Is it one iteration of the collection for the filter and another for the map ?

It's not. Clojure offers lazy sequences and the functions that operate on them all return lazy sequences only. So in the above snippet Clojure actually produces a composition of the filter and the map that act on the collection accounts in a lazy fashion. Of course with apply, everything is computed since we need to realize the full list to compute the sum. Let's look at the following example without the sum to see how Clojure sequences differ from a language with eager evaluation semantics ..

user> (def lazy-balance
      (->> accounts
           (filter #(= (:type %) ::savings))
           (map #(do (println "getting balance") (:balance %)))))
#'user/lazy-balance


lazy-balance has not been evaluated - we don't yet have the printlns. Only when we force the evaluation we have it computed ..

user> lazy-balance
(getting balance
getting balance
200 300)


Had Clojure been a strict language it would have been stupid to follow the above strategy for a large list of accounts. We would have been doing multiple iterations over the list generating lots of intermediate structures to arrive at the final result. An imperative loop would have rested the case much more cheaply.

Laziness improves compositionality. With laziness, Clojure sequences and the higher order functions on them essentially reify loops so that you can transform them all at once. As Cale Gibbard defends laziness in Haskell with his comments on this LtU thread .. "It's laziness that allows you to think of data structures like control structures."

Clojure is not as lazy as Haskell. And hence the benefits are also not as pervasive. Haskell being lazy by default, the compiler can afford to make aggressive optimizations like reordering of operations and transformations that Clojure can't. With Haskell's purity that guarantees absence of side-effects, deforestation optimizations like stream fusion generates tight loops and minimizes heap allocations. But I hear that Clojure 1.2 will have some more compiler level optimizations centered around laziness of its sequences.

Laziness makes you think differently.
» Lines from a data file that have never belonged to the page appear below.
definition Wset :: "(real^'n) set \<Rightarrow> nat \<Rightarrow> (nat \<Rightarrow> int^'n) \<Rightarrow> (nat \<Rightarrow> nat) set \<Rightarrow> (int^'n) set" where
  "Wset \<sigma> n c B = (\<Union>\<beta>\<in>B. {a \<in> semigp \<sigma>. \<forall>i<n. hint (c i) a \<ge> int (\<beta> i)})"

end

theory Submission
  imports Defs
begin

text \<open>Since \<open>d = q e\<close> with \<open>e\<close> primitive, the lattice points of the line \<open>a + \<real>d\<close> are
  \<open>a + \<int>e\<close>, and in steps of \<open>e\<close> the valuations become integers: \<open>val a = qval a / q\<close>,
  \<open>pval a = qpval a / q\<close>, where \<open>qval a\<close> is the lowest zero of \<open>f\<close> on the line and \<open>qpval a\<close>
  the highest zero less than \<open>q\<close> steps above it. Because \<open>H\<^sub>d\<close> divides \<open>f\<close>, \<open>f\<close> vanishes on a
  band of \<open>q\<close> consecutive points wherever the line crosses a facet not parallel to \<open>d\<close>; hence
  every line has zeros and \<open>vpt\<close> maps \<open>S\<close> into \<open>S\<close>.

  A monomial ideal consists of the polynomials supported on an upward closed \<open>E \<subseteq> S\<close>, and
  \<open>\<delta>\<close> maps it onto those supported on \<open>{a + d | a \<in> E, f(a) \<noteq> 0}\<close>, so \<open>\<delta>\<close> fixes it iff \<open>E\<close>
  equals that set. For such \<open>E\<close>, every line \<open>a + \<int>e\<close> meeting \<open>E\<close> leaves it at \<open>vpt a\<close>, with
  \<open>f\<close> vanishing at the \<open>q\<close> points of the line ending there and nowhere below; recording the levels of
  \<open>E\<close> on the facets parallel to \<open>d\<close> gives an admissible \<open>B\<close>. Conversely, for admissible \<open>B\<close>
  the set \<open>{a \<in> W\<^sub>B. pval a \<ge> 0}\<close> is generated by \<open>V'\<^sub>m\<^sub>o\<^sub>n(f) \<inter> W\<^sub>B\<close> by condition (3) and
  invariant under \<open>a \<mapsto> a + d\<close> by condition (2).\<close>

section \<open>Evaluating polynomials in \<open>\<theta>\<close> at lattice points\<close>

definition monomial_value :: "('n::finite \<Rightarrow>\<^sub>0 nat) \<Rightarrow> int^'n \<Rightarrow> complex" where
  "monomial_value m a = (\<Prod>j\<in>UNIV. (complex_of_int (a $ j)) ^ Poly_Mapping.lookup m j)"

lemma monomial_value_add: "monomial_value (m1 + m2) a = monomial_value m1 a * monomial_value m2 a"
  by (simp add: monomial_value_def lookup_add power_add prod.distrib)

lemma peval_eq_sum_keys: "peval f a = (\<Sum>m\<in>Poly_Mapping.keys f. Poly_Mapping.lookup f m * monomial_value m a)"
  by (simp add: peval_def monomial_value_def)

lemma peval_eq_sum_superset:
  assumes "finite K" "Poly_Mapping.keys f \<subseteq> K"
  shows "peval f a = (\<Sum>m\<in>K. Poly_Mapping.lookup f m * monomial_value m a)"
  unfolding peval_eq_sum_keys
  by (rule sum.mono_neutral_left) (use assms in \<open>auto simp: in_keys_iff\<close>)

lemma peval_add: "peval (f + g) a = peval f a + peval g a"
proof -
  let ?K = "Poly_Mapping.keys f \<union> Poly_Mapping.keys g"
  have "peval (f + g) a = (\<Sum>m\<in>?K. Poly_Mapping.lookup (f + g) m * monomial_value m a)"
    by (rule peval_eq_sum_superset) (simp_all add: keys_add)
  also have "\<dots> = peval f a + peval g a"
    by (simp add: peval_eq_sum_superset[of ?K] lookup_add distrib_right sum.distrib)
  finally show ?thesis .
qed

lemma peval_zero [simp]: "peval 0 a = 0"
  by (simp add: peval_def)

lemma peval_sum: "peval (sum F A) a = (\<Sum>x\<in>A. peval (F x) a)"
  by (induction A rule: infinite_finite_induct) (auto simp: peval_add)

lemma peval_single [simp]: "peval (Poly_Mapping.single m k) a = k * monomial_value m a"
  by (cases "k = 0") (simp_all add: peval_eq_sum_keys)

lemma poly_mapping_sum_single:
  "p = (\<Sum>m\<in>Poly_Mapping.keys p. Poly_Mapping.single m (Poly_Mapping.lookup p m))"
  by (rule poly_mapping_eqI) (simp add: lookup_sum lookup_single when_def in_keys_iff sum.delta)

lemma peval_mult: "peval (f * g) a = peval f a * peval g a"
proof -
  have "f * g = (\<Sum>m1\<in>Poly_Mapping.keys f. \<Sum>m2\<in>Poly_Mapping.keys g.
       Poly_Mapping.single (m1 + m2) (Poly_Mapping.lookup f m1 * Poly_Mapping.lookup g m2))"
    by (subst poly_mapping_sum_single[of f], subst poly_mapping_sum_single[of g])
      (simp add: sum_distrib_left sum_distrib_right mult_single, rule sum.swap)
  then have "peval (f * g) a = (\<Sum>m1\<in>Poly_Mapping.keys f. \<Sum>m2\<in>Poly_Mapping.keys g.
       (Poly_Mapping.lookup f m1 * monomial_value m1 a) * (Poly_Mapping.lookup g m2 * monomial_value m2 a))"
    by (simp add: peval_sum monomial_value_add mult_ac)
  then show ?thesis
    by (simp add: peval_eq_sum_keys sum_product)
qed

lemma peval_one [simp]: "peval 1 a = 1"
  using peval_single[of 0 1 a] by (simp add: monomial_value_def)

lemma peval_prod: "peval (prod F A) a = (\<Prod>x\<in>A. peval (F x) a)"
  by (induction A rule: infinite_finite_induct) (auto simp: peval_mult)

lemma peval_diff: "peval (f - g) a = peval f a - peval g a"
  using peval_add[of "f - g" g a] by simp

lemma peval_hpoly [simp]: "peval (hpoly c) a = of_int (hint c a)"
proof -
  have "monomial_value (Poly_Mapping.single j 1) a = of_int (a $ j)" for j
  proof -
    have "monomial_value (Poly_Mapping.single j 1) a
        = (\<Prod>j'\<in>UNIV. (if j = j' then complex_of_int (a $ j') else 1))"
      unfolding monomial_value_def lookup_single when_def by (rule prod.cong) auto
    then show ?thesis by (simp add: prod.delta')
  qed
  then show ?thesis by (simp add: hpoly_def peval_sum hint_def)
qed

lemma peval_pconst [simp]: "peval (pconst k) a = k"
  by (simp add: pconst_def monomial_value_def)

lemma peval_ffact:
  "peval (ffact g m) a = (if m < 0 then 1 else (\<Prod>j\<in>{0..nat m}. peval g a - of_nat j))"
  by (simp add: ffact_def peval_prod peval_diff)

lemma peval_dvd_eq_0: "g dvd f \<Longrightarrow> peval g a = 0 \<Longrightarrow> peval f a = 0"
  by (auto simp: dvd_def peval_mult)

lemma peval_Hpoly_eq_0:
  assumes "i < n" "0 \<le> hint (c i) a" "hint (c i) a \<le> hint (c i) (- d) - 1"
  shows "peval (Hpoly n c d) a = 0"
proof -
  have "peval (ffact (hpoly (c i)) (hint (c i) (- d) - 1)) a = 0"
    using assms(2,3) unfolding peval_ffact by (auto intro!: bexI[of _ "nat (hint (c i) a)"])
  then show ?thesis
    using assms(1) by (auto simp: Hpoly_def peval_prod intro!: prod_zero bexI[of _ i])
qed

section \<open>Lattice vectors and linear forms\<close>

lemma hreal_eq_inner: "hreal c u = rvec c \<bullet> u"
  by (simp add: hreal_def rvec_def inner_vec_def)

lemma hreal_rvec: "hreal c (rvec a) = real_of_int (hint c a)"
  by (simp add: hreal_def rvec_def hint_def)

lemma rvec_zero [simp]: "rvec 0 = 0"
  by (simp add: rvec_def vec_eq_iff)

lemma rvec_add: "rvec (a + b) = rvec a + rvec b"
  by (simp add: rvec_def vec_eq_iff)

lemma rvec_uminus: "rvec (- a) = - rvec a"
  by (simp add: rvec_def vec_eq_iff)

lemma rvec_smult: "rvec (k *s a) = real_of_int k *\<^sub>R rvec a"
  by (simp add: rvec_def vec_eq_iff)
I had written an earlier post on this context with Haskell as the reference language. I have been doing some Clojure programming of late. Many of my observations with Haskell apply to Clojure as well. You need to keep in mind the idioms and best practices that laziness demands. And at many times they may not seem obvious to you. In fact with Clojure you need to know the implementation of the abstraction in order to ensure that you get the benefits of lazy sequences.

You need to know that destructuring's & uses nthnext function which uses next that needs to know the future to determine the present. In short, next doesn't fit in the lazy paradigm.

The other day I was working on a generic walker that traverses some recursive data structures for some crap processing. I used walk from clojure.walk, but later realized that for seqs it does a doall that realizes the sequence - another lazy gotcha that caught me unawares. But I actually needed to peek into the implementation to get to know it.

Being interoperable with Java is one of the benefits of Clojure. However you need to be aware of the pitfalls of using Java's data structures with the lazy paradigm of Clojure. Consider the following example where I put all accounts in a java.util.concurrent.LinkedBlockingQueue.

(import '(java.util.concurrent LinkedBlockingQueue))
(def myq (new LinkedBlockingQueue))
(doto myq (.put acc-1) (.put acc-2) (.put acc-3))


Now consider the following snippet that does some stuff on the queue ..

(let [savings-accounts (filter #(= (:type %) ::savings) myq)]
     (.clear myq)
     (.addAll myq savings-accounts))


Should work .. right ? Doesn't ! filter is lazy and hence savings-accounts is empty within the let-block. Then we clear myq and when we do an addAll, it fails since savings-accounts is still empty. The solution is to use a doall, that blows away the laziness and realizes the filtered sequence ..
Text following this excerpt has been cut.